Assuming we can locate our buffer in memory, our first decision is whether to copy our entire ROP chain onto the stack or pivot to our buffer. We could do the former, but let’s practice stack pivoting in ARM and only copy a minimal payload that pivots sp to our data buffer.

Our plan, at a high level, is as follows:

  • Pivot the stack to a longer ROP chain in our payload
  • Open and read the database into memory
  • Create a spoofed stack frame on the worker thread's stack for the call to SendRtcp. This function calls various sub-functions that clobber data below the stack pointer. We will jump sp to the worker thread's stack for this call and jump it back after, thereby protecting our ROP payload (and loops) from being clobbered
  • Iterate through the database data, calling SendRtcp to exfiltrate chunks of data
  • Loop infinitely once we’re finished. We need this thread to stay alive so Signal can context switch to the network thread and send our queued packets. Restoring system state to pre-hijack conditions is tedious. Instead, if we jump to a retab instruction without updating lr, lr continues to point at the retab instruction. Voilà, infinite loop!

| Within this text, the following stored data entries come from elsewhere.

lemma crossing_path_reroute_between:
  assumes "crossing_path \<pi>\<^sub>1" "y \<in> set \<pi>\<^sub>1" "crossing_path \<pi>\<^sub>2" "z \<in> set \<pi>\<^sub>2" "y \<noteq> z"
    "simple_path E \<sigma>" "hd \<sigma> = y" "last \<sigma> = z" "set \<sigma> \<subseteq> side \<union> {a, b}"
    "set \<sigma> \<inter> (set \<pi>\<^sub>1 \<union> set \<pi>\<^sub>2) \<subseteq> {y, z}"
  shows "\<exists>\<pi>'. crossing_path \<pi>' \<and> set \<sigma> \<subseteq> set \<pi>'"
proof (cases "z \<in> set \<pi>\<^sub>1")
  case True
  then show ?thesis using crossing_path_reroute[of \<pi>\<^sub>1 y z \<sigma>] assms by auto
next
  case False
  \<comment> \<open>continue \<sigma> along the second path, away from y, up to its first vertex t on the first\<close>
  obtain \<tau> where \<tau>: "simple_path E \<tau>" "hd \<tau> = z" "last \<tau> \<in> {a, b}" "set \<tau> \<subseteq> set \<pi>\<^sub>2" "y \<notin> set \<tau>"
    using crossing_path_branch[OF assms(3,4,5)] by blast
  have "last \<tau> \<in> set \<pi>\<^sub>1" using \<tau>(3) crossing_path_ends[OF assms(1)] by auto
  then obtain g t h where gth: "\<tau> = g @ t # h" "t \<in> set \<pi>\<^sub>1" "\<forall>v\<in>set g. v \<notin> set \<pi>\<^sub>1"
    using split_list_first_prop[of \<tau> "\<lambda>v. v \<in> set \<pi>\<^sub>1"] simple_path_not_Nil[OF \<tau>(1)]
    by (metis last_in_set)
  have "g \<noteq> []" using gth \<tau>(2) False by auto
  then have g: "hd (g @ [t]) = z" "set (tl (g @ [t])) \<subseteq> set \<tau> - {z}"
      "set (tl (g @ [t])) \<subseteq> insert t (set g)"
    using gth \<tau>(2) simple_path_distinct[OF \<tau>(1)] by (cases g; auto)+
  define \<sigma>' where "\<sigma>' = \<sigma> @ tl (g @ [t])"
  have "simple_path E (g @ [t])" using simple_path_prefix[of E "g @ [t]" h] \<tau>(1) gth(1) by simp
  moreover have "set \<sigma> \<inter> set (tl (g @ [t])) = {}" using g(2) \<tau>(4,5) assms(10) by blast
  ultimately have "simple_path E \<sigma>'"
    unfolding \<sigma>'_def using simple_path_join[OF assms(6)] assms(8) g(1) by simp
  moreover have "hd \<sigma>' = y" "last \<sigma>' = t"
    unfolding \<sigma>'_def using assms(7) simple_path_not_Nil[OF assms(6)] \<open>g \<noteq> []\<close> by auto
  moreover have "set \<sigma>' \<subseteq> side \<union> {a, b}"
    unfolding \<sigma>'_def using g(2) \<tau>(4) assms(3,9) unfolding crossing_path_def by auto
  moreover have "set \<sigma>' \<inter> set \<pi>\<^sub>1 \<subseteq> {y, t}"
    unfolding \<sigma>'_def using g(3) gth assms(10) False by auto
  moreover have "t \<noteq> y" using gth(1) \<tau>(5) by auto
  ultimately obtain \<pi>' where "crossing_path \<pi>'" "set \<sigma>' \<subseteq> set \<pi>'"
    using crossing_path_reroute[OF assms(1,2) gth(2)] by metis
  then show ?thesis unfolding \<sigma>'_def by auto
qed

definition covered :: "'a set" where
  "covered = {v. \<exists>\<pi>. crossing_path \<pi> \<and> v \<in> set \<pi>}"

lemma covered_subset: "covered \<subseteq> side \<union> {a, b}"
  unfolding covered_def crossing_path_def by blast

lemma ends_covered: "a \<in> covered" "b \<in> covered"
  using crossing_path_exists crossing_path_ends unfolding covered_def by blast+

lemma boundary_uncovered_component:
  assumes "v \<in> side - covered"
  shows "boundary E S (component_of E (side - covered) v) \<subseteq> covered"
proof
  let ?K = "component_of E (side - covered) v"
  fix w assume "w \<in> boundary E S ?K"
  then obtain u where w: "w \<in> S" "w \<notin> ?K" and u: "u \<in> ?K" "{u, w} \<in> E"
    unfolding boundary_def by blast
  have "u \<in> side - covered" using u(1) component_of_subset[OF assms] by blast
  show "w \<in> covered"
  proof (rule ccontr)
    assume "w \<notin> covered"
    then have "w \<in> S - {a, b}" using w(1) ends_covered by auto
    then have "w \<in> side - covered"
      using side_closed[OF _ _ u(2)] \<open>u \<in> side - covered\<close> \<open>w \<notin> covered\<close> by blast
    then show False using component_of_closed[OF u(1) \<open>u \<in> side - covered\<close> _ u(2)] w(2) by blast
  qed
qed

text \<open>Otherwise a component K of the uncovered part of the side has two covered boundary vertices
  (by 2-connectivity), and a path through K joining them reroutes into a crossing path.\<close>
lemma side_subset_covered: "side \<subseteq> covered"
proof (rule ccontr)
  assume "\<not> side \<subseteq> covered"
  then obtain v where v: "v \<in> side - covered" by blast
  define K where "K = component_of E (side - covered) v"
  have K: "K \<subseteq> side - covered" "v \<in> K"
    unfolding K_def using component_of_subset[OF v] self_in_component_of by auto
  have "a \<in> S - K" "b \<in> S - K" using K(1) ends_covered a_in_S b_in_S by auto
  then obtain y z where yz: "y \<in> boundary E S K" "z \<in> boundary E S K" "y \<noteq> z"
    using two_connected_boundary_two_points[OF two_connected _ K(2)] K(1) side_subset a_neq_b
    by blast
  then have "y \<in> covered" "z \<in> covered"
    using boundary_uncovered_component[OF v] unfolding K_def by auto
  then obtain \<pi>\<^sub>1 \<pi>\<^sub>2 where \<pi>: "crossing_path \<pi>\<^sub>1" "y \<in> set \<pi>\<^sub>1" "crossing_path \<pi>\<^sub>2" "z \<in> set \<pi>\<^sub>2"
    unfolding covered_def by blast
  obtain k\<^sub>1 k\<^sub>2 where k: "k\<^sub>1 \<in> K" "{k\<^sub>1, y} \<in> E" "k\<^sub>2 \<in> K" "{k\<^sub>2, z} \<in> E"
    using yz(1,2) unfolding boundary_def by blast
  obtain p where p: "simple_path E p" "set p \<subseteq> K" "hd p = k\<^sub>1" "last p = k\<^sub>2"
    using component_of_path[OF v k(1,3)[unfolded K_def]] unfolding K_def by blast
  have "y \<notin> K" "z \<notin> K" using yz(1,2) unfolding boundary_def by auto
  then have "simple_path E (y # p @ [z])"
    using p k yz(3) simple_path_not_Nil[OF p(1)]
    by (auto simp: simple_path_Cons simple_path_append_iff insert_commute)
  moreover have "set (y # p @ [z]) \<subseteq> side \<union> {a, b}"
    using p(2) K(1) \<open>y \<in> covered\<close> \<open>z \<in> covered\<close> covered_subset by auto
  moreover have "set (y # p @ [z]) \<inter> (set \<pi>\<^sub>1 \<union> set \<pi>\<^sub>2) \<subseteq> {y, z}"
    using p(2) K(1) \<pi>(1,3) unfolding covered_def by auto
  ultimately obtain \<pi>' where "crossing_path \<pi>'" "set (y # p @ [z]) \<subseteq> set \<pi>'"
    using crossing_path_reroute_between[OF \<pi> yz(3), of "y # p @ [z]"] by auto
  then have "k\<^sub>1 \<in> covered"
    using p(3) simple_path_not_Nil[OF p(1)] unfolding covered_def by (auto intro: hd_in_set)
  then show False using k(1) K(1) by auto
qed

lemma fan:
  assumes "v \<in> side"
  shows "\<exists>p q. simple_path E p \<and> simple_path E q \<and> hd p = a \<and> hd q = b \<and> last p = v \<and>
    last q = v \<and> set (tl p) \<subseteq> side \<and> set (tl q) \<subseteq> side \<and> set p \<inter> set q = {v}"
proof -
  obtain \<pi> where \<pi>: "crossing_path \<pi>" "v \<in> set \<pi>"
    using assms side_subset_covered unfolding covered_def by blast
  then obtain A B where AB: "\<pi> = A @ v # B" by (meson split_list)
  have P: "simple_path E \<pi>" "hd \<pi> = a" "last \<pi> = b" "set \<pi> \<subseteq> side \<union> {a, b}"
    using \<pi>(1) by (auto simp: crossing_path_def)
  have d: "distinct \<pi>" using P(1) by (rule simple_path_distinct)
  have "v \<noteq> a" "v \<noteq> b" using assms side_subset by auto
  have A: "A \<noteq> []" "hd A = a" using P(2) AB \<open>v \<noteq> a\<close> by (cases A; simp)+
  have B: "B \<noteq> []" "last B = b" using P(3) AB \<open>v \<noteq> b\<close> by (cases B; simp)+
  let ?p = "A @ [v]" and ?q = "rev (v # B)"
  have "simple_path E ?p" using simple_path_prefix[of E ?p B] P(1) AB by simp
  moreover have "simple_path E ?q" using simple_path_rev simple_path_suffix[of E A "v # B"] P(1) AB by blast
  moreover have "set (tl ?p) \<subseteq> side" "set (tl ?q) \<subseteq> side"
    using A B d AB P(4) \<open>v \<noteq> a\<close> \<open>v \<noteq> b\<close> assms by (cases A; cases B rule: rev_cases; auto)+
  moreover have "set ?p \<inter> set ?q = {v}" using d AB by auto
  ultimately show ?thesis using A B by (intro exI[of _ ?p] exI[of _ ?q]) (simp add: hd_rev)
qed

So, how much data can we send back at a time? There is a constraint on the maximum DTLS packet length of 2048 bytes, limiting outgoing packets to slightly less than that after consideration of transport headers. This is also a limitation on our payload since it is sent with RTCP via the DTLS transport. 2048 bytes seems like a lot of data, but spoofing stack frames quickly eats up that space if we are not careful. Let’s plan out a ROP chain that reuses gadget sections as much as possible to save on space, based on our above plan.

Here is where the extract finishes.